[Data records]
(* Let $Q\subseteq V$ be a polyhedron, $F$ a face of $Q$, and $v\in V$. Then the function $\overline{j}_{C_F+v}:\mathrm{Def}^+(Q)\to\mathbb Z$ defined by $\overline{j}_{C_F+v}(P)=1$ if $C_F+v$ tightly contains $P$ and $\overline{j}_{C_F+v}(P)=0$ otherwise, is valuative on $\mathrm{Def}^+(Q)$ (equivalently, it extends to a $\mathbb Z$-linear map $\mathbb I(\mathrm{Def}^+(Q))\to\mathbb Z$).
   Context: $V$ is a finite-dimensional real vector space with inner product $\langle\cdot,\cdot\rangle$. For a polyhedron $P\subseteq V$, $\mathbf 1_P:V\to\mathbb Z$ is its indicator function. For a family $\mathscr P$ of polyhedra, the indicator group $\mathbb I(\mathscr P)$ is the $\mathbb Z$-submodule of $\mathbb Z^V$ spanned by $\{\mathbf 1_P: P\in\mathscr P\}$. A function $f:\mathscr P\to A$ to an abelian group is valuative (a valuation) if $\sum_i a_i f(P_i)=0$ whenever $\sum_i a_i\mathbf 1_{P_i}=0$ with $a_i\in\mathbb Z$, $P_i\in\mathscr P$ (equivalently, $f$ extends to a $\mathbb Z$-linear map on $\mathbb I(\mathscr P)$). For a polyhedron $Q$, $\Sigma_Q$ is its outer normal fan; for a face $F$, $\sigma_F\in\Sigma_Q$ is the cone of linear functionals attaining their maximum on $Q$ exactly on $F$; the tangent cone of $Q$ at $F$ is $C_F=\sigma_F^\vee=\mathrm{Cone}(v'-v\mid v\in F, v'\in Q)$. A polyhedron $P$ is an extended deformation of $Q$ if each cone of $\Sigma_P$ is a union of cones of $\Sigma_Q$; $\mathrm{Def}^+(Q)$ denotes the set of all extended deformations of $Q$. For a cone $C$, $\mathrm{lineal}(C)$ is its lineality space (the maximal linear subspace contained in $C$). A translate $C+v$ tightly contains a polyhedron $P$ if $P\subseteq C+v$ and $P\cap(\mathrm{lineal}(C)+v)\neq\emptyset$. *)

theory Defs
  imports "HOL-Analysis.Analysis"
begin

text \<open>Faces of a polyhedron are taken to be nonempty (paper convention).
  Linear functionals on V are identified with vectors via the inner product.\<close>

definition normal_cone :: "'a::euclidean_space set \<Rightarrow> 'a set \<Rightarrow> 'a set" where
  "normal_cone Q F = {u. {x \<in> Q. \<forall>y \<in> Q. u \<bullet> y \<le> u \<bullet> x} = F}"

definition normal_fan :: "'a::euclidean_space set \<Rightarrow> 'a set set" where
  "normal_fan Q = {normal_cone Q F | F. F face_of Q \<and> F \<noteq> {}}"

definition tangent_cone :: "'a::euclidean_space set \<Rightarrow> 'a set \<Rightarrow> 'a set" where
  "tangent_cone Q F = convex_cone hull {v' - v | v v'. v \<in> F \<and> v' \<in> Q}"

definition ext_deformations :: "'a::euclidean_space set \<Rightarrow> 'a set set" where
  "ext_deformations Q = {P. polyhedron P \<and> P \<noteq> {} \<and>
      (\<forall>\<sigma> \<in> normal_fan P. \<exists>S. S \<subseteq> normal_fan Q \<and> \<sigma> = \<Union>S)}"

definition lineal :: "'a::euclidean_space set \<Rightarrow> 'a set" where
  "lineal C = (THE L. subspace L \<and> L \<subseteq> C \<and> (\<forall>M. subspace M \<and> M \<subseteq> C \<longrightarrow> M \<subseteq> L))"

definition tightly_contains :: "'a::euclidean_space set \<Rightarrow> 'a \<Rightarrow> 'a set \<Rightarrow> bool" where
  "tightly_contains C v P \<longleftrightarrow> P \<subseteq> (\<lambda>x. x + v) ` C \<and> P \<inter> ((\<lambda>x. x + v) ` lineal C) \<noteq> {}"
lemma mat_tendstoD:
  assumes "mat_tendsto n X Y"
  shows "X k \<in> carrier_mat n n" "Y \<in> carrier_mat n n"
    "i < n \<Longrightarrow> j < n \<Longrightarrow> (\<lambda>k. X k $$ (i,j)) \<longlonglongrightarrow> Y $$ (i,j)"
  using assms unfolding mat_tendsto_def by auto

lemma mat_tendsto_const: "Y \<in> carrier_mat n n \<Longrightarrow> mat_tendsto n (\<lambda>k. Y) Y"
  unfolding mat_tendsto_def by auto

lemma mat_tendsto_mult:
  assumes "mat_tendsto n X Y" "mat_tendsto n X' Y'"
  shows "mat_tendsto n (\<lambda>k. X k * X' k) (Y * Y')"
  unfolding mat_tendsto_def
proof (intro conjI allI impI)
  note c = mat_tendstoD(1,2)[OF assms(1)] mat_tendstoD(1,2)[OF assms(2)]
  show "X k * X' k \<in> carrier_mat n n" for k using mult_carrier_mat[OF c(1) c(3)] .
  show "Y * Y' \<in> carrier_mat n n" using mult_carrier_mat[OF c(2) c(4)] .
  fix i j assume ij: "i < n" "j < n"
  have "(\<lambda>k. (X k * X' k) $$ (i,j)) = (\<lambda>k. \<Sum>t<n. X k $$ (i,t) * X' k $$ (t,j))"
    by (intro ext index_mult_mat_sum[OF c(1) c(3) ij])
  moreover have "(Y * Y') $$ (i,j) = (\<Sum>t<n. Y $$ (i,t) * Y' $$ (t,j))"
    by (rule index_mult_mat_sum[OF c(2) c(4) ij])
  moreover have "(\<lambda>k. \<Sum>t<n. X k $$ (i,t) * X' k $$ (t,j)) \<longlonglongrightarrow> (\<Sum>t<n. Y $$ (i,t) * Y' $$ (t,j))"
    using ij by (intro tendsto_sum tendsto_mult mat_tendstoD(3)[OF assms(1)] mat_tendstoD(3)[OF assms(2)]) auto
  ultimately show "(\<lambda>k. (X k * X' k) $$ (i,j)) \<longlonglongrightarrow> (Y * Y') $$ (i,j)" by simp
qed

lemma mat_tendsto_adjoint:
  assumes "mat_tendsto n X Y"
  shows "mat_tendsto n (\<lambda>k. mat_adjoint (X k)) (mat_adjoint Y)"
  unfolding mat_tendsto_def
proof (intro conjI allI impI)
  note c = mat_tendstoD(1,2)[OF assms]
  show "mat_adjoint (X k) \<in> carrier_mat n n" for k using c by auto
  show "mat_adjoint Y \<in> carrier_mat n n" using c by auto
  fix i j assume ij: "i < n" "j < n"
  have "(\<lambda>k. cnj (X k $$ (j,i))) \<longlonglongrightarrow> cnj (Y $$ (j,i))"
    using ij by (intro tendsto_cnj mat_tendstoD(3)[OF assms])
  moreover have "mat_adjoint (X k) $$ (i,j) = cnj (X k $$ (j,i))" for k
    using ij carrier_matD[OF c(1)[of k]] by (intro index_mat_adjoint) simp_all
  moreover have "mat_adjoint Y $$ (i,j) = cnj (Y $$ (j,i))"
    using ij carrier_matD[OF c(2)] by (intro index_mat_adjoint) simp_all
  ultimately show "(\<lambda>k. mat_adjoint (X k) $$ (i,j)) \<longlonglongrightarrow> mat_adjoint Y $$ (i,j)" by simp
qed

lemma mat_tendsto_subseq:
  assumes "mat_tendsto n X Y" "strict_mono \<sigma>"
  shows "mat_tendsto n (\<lambda>k. X (\<sigma> k)) Y"
  unfolding mat_tendsto_def
proof (intro conjI allI impI)
  show "X (\<sigma> k) \<in> carrier_mat n n" for k using mat_tendstoD(1)[OF assms(1)] .
  show "Y \<in> carrier_mat n n" using mat_tendstoD(2)[OF assms(1)] .
  show "(\<lambda>k. X (\<sigma> k) $$ (i,j)) \<longlonglongrightarrow> Y $$ (i,j)" if "i < n" "j < n" for i j
    using LIMSEQ_subseq_LIMSEQ[OF mat_tendstoD(3)[OF assms(1) that] assms(2)] by (simp add: o_def)
qed
text \<open>
  Removing two edges from the graph of \<open>T\<^sub>k\<close> can only lower the spectral radius, and it
  lowers it by \<open>O(\<lambda>\<^sub>0\<^sup>-\<^sup>k)\<close> uniformly in the removed words.

  The upper bound \<open>\<lambda>\<^sub>1 \<le> \<lambda>\<^sub>0\<close> comes from the left eigenvector \<open>y(v) = z'(last v)\<close> of \<open>T\<^sub>k\<close>
  built from a positive left eigenvector \<open>z'\<close> of \<open>T\<close>. For the lower bound, \<open>p(u) = z(hd u)\<close>
  is a positive right eigenvector of \<open>T\<^sub>k\<close>, and \<open>R = T\<^sub>k - T\<^sub>k\<langle>C\<rangle>\<close> has at most two
  nonzero entries. With \<open>s = \<lambda>\<^sub>0 - c \<lambda>\<^sub>0\<^sup>-\<^sup>k\<close> and the truncated Neumann series
  \<open>q = \<Sum>\<^sub>j\<^sub><\<^sub>k s\<^sup>-\<^sup>j\<^sup>-\<^sup>1 T\<^sub>k\<^sup>j R p\<close>, the vector \<open>p - q\<close> is stretched by \<open>T\<^sub>k\<langle>C\<rangle>\<close> by
  the factor \<open>s\<close> up to the error \<open>s\<^sup>-\<^sup>k T\<^sub>k\<^sup>k R p\<close>. Paths of length \<open>k\<close> between \<open>k\<close>-words are
  unique, so \<open>T\<^sub>k\<^sup>k\<close> is a 0/1 matrix and this error is absorbed by the slack
  \<open>(\<lambda>\<^sub>0 - s) p\<close>; pairing with \<open>y\<close> shows that \<open>q\<close> is small against \<open>p\<close>, so the positive
  part of \<open>p - q\<close> is a nonzero test vector for the Collatz--Wielandt bound. The finitely
  many \<open>k\<close> below the threshold are absorbed into the constant.
\<close>

section \<open>Matrices indexed by a finite set\<close>

definition matvec :: "'i set \<Rightarrow> ('i \<Rightarrow> 'i \<Rightarrow> real) \<Rightarrow> ('i \<Rightarrow> real) \<Rightarrow> 'i \<Rightarrow> real" where
  "matvec S A x = (\<lambda>i. \<Sum>j\<in>S. A i j * x j)"

definition enum_mat :: "nat \<Rightarrow> (nat \<Rightarrow> 'i) \<Rightarrow> ('i \<Rightarrow> 'i \<Rightarrow> real) \<Rightarrow> complex mat" where
  "enum_mat n g A = mat n n (\<lambda>(i, j). complex_of_real (A (g i) (g j)))"

lemma enum_mat_carrier: "enum_mat n g A \<in> carrier_mat n n"
  by (simp add: enum_mat_def)

lemma enum_mat_mult_vec:
  assumes g: "bij_betw g {0..<n} S"
  shows "enum_mat n g A *\<^sub>v vec n (\<lambda>i. v (g i))
       = vec n (\<lambda>i. \<Sum>j\<in>S. complex_of_real (A (g i) j) * v j)"
proof (rule eq_vecI)
  fix i assume "i < dim_vec (vec n (\<lambda>i. \<Sum>j\<in>S. complex_of_real (A (g i) j) * v j))"
  then have i: "i < n" by simp
  have "(enum_mat n g A *\<^sub>v vec n (\<lambda>i. v (g i))) $ i
      = (\<Sum>t\<in>{0..<n}. complex_of_real (A (g i) (g t)) * v (g t))"
    using i by (simp add: enum_mat_def scalar_prod_def)
  also have "\<dots> = (\<Sum>j\<in>S. complex_of_real (A (g i) j) * v j)"
    by (rule sum.reindex_bij_betw[OF g])
  finally show "(enum_mat n g A *\<^sub>v vec n (\<lambda>i. v (g i))) $ i
      = vec n (\<lambda>i. \<Sum>j\<in>S. complex_of_real (A (g i) j) * v j) $ i"
    using i by simp
qed (simp add: enum_mat_def)

lemma is_eigenvalue_iff_eigenvalue_enum_mat:
  assumes g: "bij_betw g {0..<n} S"
  shows "is_eigenvalue S A l \<longleftrightarrow> eigenvalue (enum_mat n g A) l"
proof -
  have S_eq: "S = g ` {0..<n}"
    using g by (simp add: bij_betw_def)
  have ex: "(\<exists>u\<in>S. P u) \<longleftrightarrow> (\<exists>i<n. P (g i))"
    and all: "(\<forall>u\<in>S. P u) \<longleftrightarrow> (\<forall>i<n. P (g i))" for P
    unfolding S_eq by auto
  define gi where "gi = the_inv_into {0..<n} g"
  have gi: "gi (g i) = i" if "i < n" for i
    using g that by (auto simp: gi_def bij_betw_def the_inv_into_f_f)
  have eigvec_iff: "eigenvector (enum_mat n g A) (vec n (\<lambda>i. v (g i))) l \<longleftrightarrow>
      (\<exists>i\<in>S. v i \<noteq> 0) \<and> (\<forall>i\<in>S. (\<Sum>j\<in>S. complex_of_real (A i j) * v j) = l * v i)" for v
    unfolding eigenvector_def enum_mat_mult_vec[OF g] ex all
    by (auto simp: enum_mat_def vec_eq_iff)
  show ?thesis
  proof
    assume "is_eigenvalue S A l"
    then obtain v where "(\<exists>i\<in>S. v i \<noteq> 0) \<and>
        (\<forall>i\<in>S. (\<Sum>j\<in>S. complex_of_real (A i j) * v j) = l * v i)"
      unfolding is_eigenvalue_def by blast
    then have "eigenvector (enum_mat n g A) (vec n (\<lambda>i. v (g i))) l"
      by (rule eigvec_iff[of v, THEN iffD2])
    then show "eigenvalue (enum_mat n g A) l"
      unfolding eigenvalue_def by blast
  next
    assume "eigenvalue (enum_mat n g A) l"
    then obtain w where w: "eigenvector (enum_mat n g A) w l"
      unfolding eigenvalue_def by blast
    define v where "v u = w $ gi u" for u
    have "dim_vec w = n"
      using w enum_mat_carrier[of n g A] unfolding eigenvector_def
      by (metis carrier_matD(1) carrier_vecD)
    then have "vec n (\<lambda>i. v (g i)) = w"
      by (intro eq_vecI) (simp_all add: v_def gi)
    with w have "eigenvector (enum_mat n g A) (vec n (\<lambda>i. v (g i))) l"
      by simp
    then show "is_eigenvalue S A l"
      unfolding is_eigenvalue_def eigvec_iff[of v] by blast
  qed
qed

lemma spectrum_enum_mat:
  assumes "bij_betw g {0..<n} S"
  shows "spectrum (enum_mat n g A) = {l. is_eigenvalue S A l}"
  using is_eigenvalue_iff_eigenvalue_enum_mat[OF assms] by (auto simp: spectrum_def)
(* Let $M=\mathbb{R}^{1,1}$ be the two-dimensional Minkowski plane with canonical coordinates $(x^0,x^1)$, light-cone coordinates $u=x^0+x^1$, $v=x^0-x^1$, and causal order $x\le_M y$ iff $u(x)\le u(y)$ and $v(x)\le v(y)$. Let $\tilde{\mathcal{A}}_M$ be the linear span of smooth bounded real functions on $M$ with bounded derivatives which are causal (non-decreasing for $\le_M$), and $\tilde{\mathcal{A}}=\tilde{\mathcal{A}}_M\otimes M_2(\mathbb{C})$. Fix real numbers $d_1,d_2$ and $D_F=\mathrm{diag}(d_1,d_2)$. Let $\mathcal{C}$ be the set of self-adjoint $\alpha\in\tilde{\mathcal{A}}$ (smooth functions $M\to M_2(\mathbb{C})$ with Hermitian values) such that at every point of $M$ the $4\times 4$ Hermitian matrix $$\begin{pmatrix}2\partial_u\alpha & [D_F,\alpha]\\ -[D_F,\alpha] & 2\partial_v\alpha\end{pmatrix}$$ is positive semidefinite. Then for all $x,y\in M$: $$x\le_M y\iff \alpha(x)\le\alpha(y)\text{ (as Hermitian matrices) for all }\alpha\in\mathcal{C}.$$
   Context: The displayed positivity condition is the pointwise form of the condition $j[D,\alpha]\le 0$ for the product Lorentzian spectral triple with $D=D_M\otimes 1+\gamma^0\gamma^1\otimes D_F$, $D_M=-i\gamma^\mu\partial_\mu$, $j=i\gamma^0\otimes 1$, $\gamma_0=\begin{pmatrix}0&i\\ i&0\end{pmatrix}$, $\gamma_1=\begin{pmatrix}0&-i\\ i&0\end{pmatrix}$; $\mathcal{C}$ is the resulting causal cone. For Hermitian matrices, $A\le B$ means $B-A$ is positive semidefinite. *)

theory Defs
  imports "HOL-Analysis.Analysis"
begin

type_synonym point = "real \<times> real"

definition lc_u :: "point \<Rightarrow> real" where "lc_u p = fst p + snd p"
definition lc_v :: "point \<Rightarrow> real" where "lc_v p = fst p - snd p"

definition causal_le :: "point \<Rightarrow> point \<Rightarrow> bool" where
  "causal_le x y \<longleftrightarrow> lc_u x \<le> lc_u y \<and> lc_v x \<le> lc_v y"

definition dir_deriv :: "(point \<Rightarrow> 'b::real_normed_vector) \<Rightarrow> point \<Rightarrow> point \<Rightarrow> 'b" where
  "dir_deriv g e p = vector_derivative (\<lambda>t. g (p + t *\<^sub>R e)) (at 0)"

What to do
Lines of the data that include the string "matvec" are to be counted; report the total by itself.

Response area
2